At the beginning of September, I had the opportunity to visit Le Corbusier’s buildings for a few days. We began with the small house he designed for his parents on the shore of Lake Geneva, then stayed for three days in the monastery of La Tourette. The trip ended with visits to La Habitation, the church in Firminy, and the steel residential house La Carte in Geneva.
The journey left me with mixed feelings. Awe, aesthetic fulfillment, and a sense of searching intertwined with an elusive feeling that something was different. I had to critically confront the enthusiasm of my professors with my own thoughts and emotions. A few days later, I gave my intuitive doubts a more concrete form. Below is a collection of thoughts, perhaps chaotic at first glance, but ones that help me shape my own path in architecture, both in my mind and in my heart, accompanied by drawings and photos from the trip.
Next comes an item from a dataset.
(* Let $n\ge 1$, $L\ge 1$ and $0\le s<n$ be integers, and consider the $(n,L)$-regular tree $T$. Let $\mathcal{D}$ be a finite data set with $|\mathcal{D}|=d\ge 1$, and let $r\in[0,1]$. Suppose a data placement assigns to each worker node $v$ a set $\mathcal{D}(v)\subseteq\mathcal{D}$ with $|\mathcal{D}(v)|\le r d$ for every worker $v$, and suppose the placement is robust to any $s$ stragglers per parent (as defined in the context). Then $$ r \;\ge\; r_{\mathsf{CR}} \;:=\; \frac{1}{\left(\frac{n}{s+1}\right)+\left(\frac{n}{s+1}\right)^2+\cdots+\left(\frac{n}{s+1}\right)^L}. $$
   Context: An $(n,L)$-regular tree consists of a root node (the master, layer $0$) and $L$ layers of worker nodes: each node in layers $0,1,\dots,L-1$ has exactly $n$ children in the next layer, and the nodes of layer $L$ are leaves; thus there are $N=n+n^2+\cdots+n^L$ worker nodes. A straggling pattern is a choice, for every node $u$ in layers $0,\dots,L-1$, of a set of at most $s$ of the children of $u$, declared straggling. Under a straggling pattern, a worker node $v$ is called surviving if neither $v$ nor any of its ancestors in layers $1,\dots,L$ (i.e. the nodes on the path from $v$ to the master, excluding the master) is straggling. The placement $\{\mathcal{D}(v)\}$ is robust to any $s$ stragglers per parent if for every straggling pattern and every data point $x\in\mathcal{D}$ there is a surviving worker $v$ with $x\in\mathcal{D}(v)$ (this is the necessary condition for the master to recover the full gradient $\sum_{x\in\mathcal{D}}\nabla\ell(\theta;x)$, since the contribution of $x$ can only be computed at nodes storing $x$ and propagated to the master along the tree). The number $r$ bounding the fraction of the data set stored at each worker is the computation load. *)

theory Defs
  imports Complex_Main
begin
I realized what felt wrong about Le Corbusier’s buildings.
Houses should belong to the people who inhabit them. That is why it was important for me to take part in the ritual at the church. The first evening was the most beautiful one. I saw the building bathed in wonderful light – and I don’t mean only the natural one (incidentally, I never saw light like that again during the following days). That first day, the post-rain light was soft, and I felt as if it embraced the building. In the days that followed, it seemed to dominate it instead.
I was sorry that the monks had left, even though I completely understood why. 🙂 In the end, I realized that what remained in me was a faint memory of a hotel-like trip, although an exceptional one, of course. I deeply value the experience, yet I confirm to myself that I prefer a more intimate way of discovering architecture, when I have space for quiet perception, without bringing so much of my own life into it. So that I can perceive it objectively.
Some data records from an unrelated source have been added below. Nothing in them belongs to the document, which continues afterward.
(* Any averaging system (with weight threshold $\rho$) in which every $G_t$ has at most $m$ connected components can be interpreted as an $m$-twist system with the same $s$-energy. Specifically, at each time the blocks of the twist system are the index intervals of the agents spanned by the blocks of the embedded $G_t$, and the $s$-energy of the twist system equals that of the averaging system for all $s\in(0,1]$.
   Context: Averaging system: - $(G_t)_{t\ge0}$ are undirected graphs on $[n]$, each with self-loops at all vertices. - $P_t$ is row-stochastic with $(P_t)_{ij}>0$ iff $\{i,j\}$ is an edge of $G_t$, and all nonzero entries are $\ge\rho\in(0,1/2]$. - The dynamics is $x(t+1)=P_tx(t)$. - The blocks at time $t$ are the maximal intervals of the union of the closed intervals with endpoints $x_i(t),x_j(t)$ over edges $\{i,j\}$, $i\ne j$, of $G_t$. - The $s$-energy is $\sum_t\sum_{\text{blocks}}(\text{length})^s$. $m$-twist system (parameter $\rho$): at each time $t$, relabel the agents so that their positions satisfy $x_1\le\dots\le x_n$. A partition of $[n]$ into at most $m$ intervals of consecutive indices $[u_{t,l},v_{t,l}]$ (the blocks) is specified. The next positions, again sorted as $y_1\le\dots\le y_n$ (agents keep their ranks), are any positions satisfying, for every block $[u,v]$ and every $i\in[u,v]$, $$(1-\rho)x_u+\rho x_{\min\{i+1,v\}}\le y_i\le\rho x_{\max\{i-1,u\}}+(1-\rho)x_v.$$ The $s$-energy of a twist system is $\sum_{t\ge0}\sum_l\big(x_{v_{t,l}}(t)-x_{u_{t,l}}(t)\big)^s$. *)

theory Defs
  imports "HOL-Analysis.Analysis"
begin

text \<open>Agents are 0..<n. E t i j : {i,j} is an edge of G_t. P t i j : entry of P_t.
  x t i : position of agent i at time t.\<close>

definition averaging_system ::
  "nat \<Rightarrow> real \<Rightarrow> (nat \<Rightarrow> nat \<Rightarrow> nat \<Rightarrow> bool) \<Rightarrow> (nat \<Rightarrow> nat \<Rightarrow> nat \<Rightarrow> real)
   \<Rightarrow> (nat \<Rightarrow> nat \<Rightarrow> real) \<Rightarrow> bool" where
  "averaging_system n \<rho> E P x \<longleftrightarrow>
     0 < \<rho> \<and> \<rho> \<le> 1/2 \<and>
     (\<forall>t. (\<forall>i<n. E t i i) \<and>
          (\<forall>i<n. \<forall>j<n. E t i j \<longrightarrow> E t j i) \<and>
          (\<forall>i<n. \<forall>j<n. 0 \<le> P t i j \<and> (0 < P t i j \<longleftrightarrow> E t i j) \<and>
                        (0 < P t i j \<longrightarrow> \<rho> \<le> P t i j)) \<and>
          (\<forall>i<n. (\<Sum>j<n. P t i j) = 1) \<and>
          (\<forall>i<n. x (Suc t) i = (\<Sum>j<n. P t i j * x t j)))"

definition num_components :: "nat \<Rightarrow> (nat \<Rightarrow> nat \<Rightarrow> bool) \<Rightarrow> nat" where
  "num_components n G = card ({..<n} // ({(i,j). i < n \<and> j < n \<and> G i j}\<^sup>*))"

definition avg_union :: "nat \<Rightarrow> (nat \<Rightarrow> nat \<Rightarrow> bool) \<Rightarrow> (nat \<Rightarrow> real) \<Rightarrow> real set" where
  "avg_union n G y = (\<Union>{ {min (y i) (y j) .. max (y i) (y j)} | i j.
                          i < n \<and> j < n \<and> i \<noteq> j \<and> G i j})"

definition avg_blocks :: "nat \<Rightarrow> (nat \<Rightarrow> nat \<Rightarrow> bool) \<Rightarrow> (nat \<Rightarrow> real) \<Rightarrow> real set set" where
  "avg_blocks n G y = {connected_component_set (avg_union n G y) p | p. p \<in> avg_union n G y}"

definition avg_energy ::
  "nat \<Rightarrow> (nat \<Rightarrow> nat \<Rightarrow> nat \<Rightarrow> bool) \<Rightarrow> (nat \<Rightarrow> nat \<Rightarrow> real) \<Rightarrow> real \<Rightarrow> ennreal" where
  "avg_energy n E x s = (\<Sum>t. ennreal (\<Sum>C\<in>avg_blocks n (E t) (x t). (Sup C - Inf C) powr s))"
In the end, I do not think the architecture itself was at fault, rather the situation we placed it in.
Houses should belong to the people who live in them, to living people. Perhaps it sounds like a play on words, but I would rather focus solely on the building itself and not know who designed it. If a solution is right, it does not matter whether it was invented by Corbusier or Xenakis. What matters is that it is done correctly, that is the value that transcends time and can be judged.
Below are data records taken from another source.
(* Assume $\operatorname{add}(\mathcal N)=\operatorname{cov}(\mathcal N)$. Then $\mathcal{ANM}_{\operatorname{add}(\mathcal N)}\setminus\mathcal{ND}_{\operatorname{add}(\mathcal N)}$ is strongly $\mathfrak c$-algebrable in $\left(\mathbb R^{[0,1]}\right)^{\operatorname{add}(\mathcal N)}$.
   Context: For a regular infinite cardinal $\kappa$, a $\kappa$-sequence $(x_\alpha)_{\alpha<\kappa}$ converges to $x$ if for every neighbourhood $U$ of $x$ there is $\alpha_0<\kappa$ with $x_\alpha\in U$ for all $\alpha_0<\alpha<\kappa$; $\left(\mathbb R^{[0,1]}\right)^{\kappa}$ is the commutative real algebra of $\kappa$-sequences of functions $[0,1]\to\mathbb R$ with indexwise operations. $\lambda$ is Lebesgue measure, $\mathcal N$ the null subsets of $[0,1]$; $\operatorname{add}(\mathcal N)$ the least cardinality of a family of null sets with non-null union, $\operatorname{cov}(\mathcal N)$ the least cardinality of a family of null sets covering $[0,1]$. $\mathcal{ANM}_{\kappa}$: $\kappa$-sequences of Lebesgue measurable $f_\alpha:[0,1]\to\mathbb R$ converging a.e. to a measurable $f$ but not converging in measure to $f$. $\mathcal{ND}_{\kappa}$: $\kappa$-sequences of Lebesgue measurable $f_\alpha:[0,1]\to\mathbb R$ dominated a.e. by a common integrable $g$, converging a.e. to an integrable $f$, with $\int|f_\alpha-f|\,d\lambda\not\to0$. $S$ is strongly $\mu$-algebrable if there is a set $X$ of $\mu$ algebraically independent elements such that every nonzero element of the (non-unital) algebra generated by $X$ belongs to $S$. *)

theory Defs
  imports "HOL-Analysis.Analysis" "HOL-Library.Equipollence"
begin

definition nullI :: "real set set" where
  "nullI = {A. A \<subseteq> {0..1} \<and> A \<in> null_sets lebesgue}"

definition card_is_addN :: "'i set \<Rightarrow> bool" where
  "card_is_addN I \<longleftrightarrow>
     (\<exists>F. F \<subseteq> nullI \<and> \<Union>F \<notin> nullI \<and> F \<approx> I) \<and>
     (\<forall>F. F \<subseteq> nullI \<and> \<Union>F \<notin> nullI \<longrightarrow> I \<lesssim> F)"

definition card_is_covN :: "'i set \<Rightarrow> bool" where
  "card_is_covN I \<longleftrightarrow>
     (\<exists>F. F \<subseteq> nullI \<and> {0..1} \<subseteq> \<Union>F \<and> F \<approx> I) \<and>
     (\<forall>F. F \<subseteq> nullI \<and> {0..1} \<subseteq> \<Union>F \<longrightarrow> I \<lesssim> F)"

text \<open>A kappa-sequence is indexed by the field of a cardinal well-order r
  (the initial ordinal kappa); x converges to l along r.\<close>
definition kconv :: "'i rel \<Rightarrow> ('i \<Rightarrow> 'b::topological_space) \<Rightarrow> 'b \<Rightarrow> bool" where
  "kconv r x l \<longleftrightarrow>
     (\<forall>U. open U \<and> l \<in> U \<longrightarrow> (\<exists>\<alpha>0. \<forall>\<alpha>. (\<alpha>0, \<alpha>) \<in> r \<and> \<alpha> \<noteq> \<alpha>0 \<longrightarrow> x \<alpha> \<in> U))"

abbreviation I01 :: "real measure" where
  "I01 \<equiv> lebesgue_on {0..1}"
In the case of La Tourette, for me the idea that “it should belong to people” means that, similarly to the Faculty of Architecture building by Mrs. Šrámková, there are strict rules for both inner and outer aesthetics. I think that is, in a way, a disadvantage. People tend to like it – it is easier to follow someone else’s rules than to take responsibility for your own. Of course, it is demanding, since we are “creaturely” by nature, but I think a person should have the possibility to improve things, even if the architect intended them as perfectly as possible.
Architecture makes the most sense to me as a backdrop for life, just as nature is a backdrop for living beings. That means the greatest experience for me occurs when something new emerges from the connection between architecture and the human being. And in that moment, we cease to be victims of the past or the future. How different these backdrops can become when filled with the personality of their inhabitants is shown beautifully in the example of two apartments in La Carte. At that moment, housing felt closer to me than the church. It is perhaps the most intimate thing we can share with another person through architecture.
I believe architecture is right when I feel comfortable in it at first, without knowing why, and only afterwards find it interesting. Not the other way around.
In La Tourette, every wall and every window is strictly defined, so much so that one cannot truly touch or change them. Corbusier designed an enormous number of details, all very artistic, but after several days of living in his building I felt that these details overwhelmed the overall harmony. I tend to think this was more due to the situation we placed the building in, and to us – the people who are far from its original, intended function.
“Architecture with a capital A begins only when the project gains the ability to take flight, when it frees itself from its constants, grows wings, and can evolve in other directions.”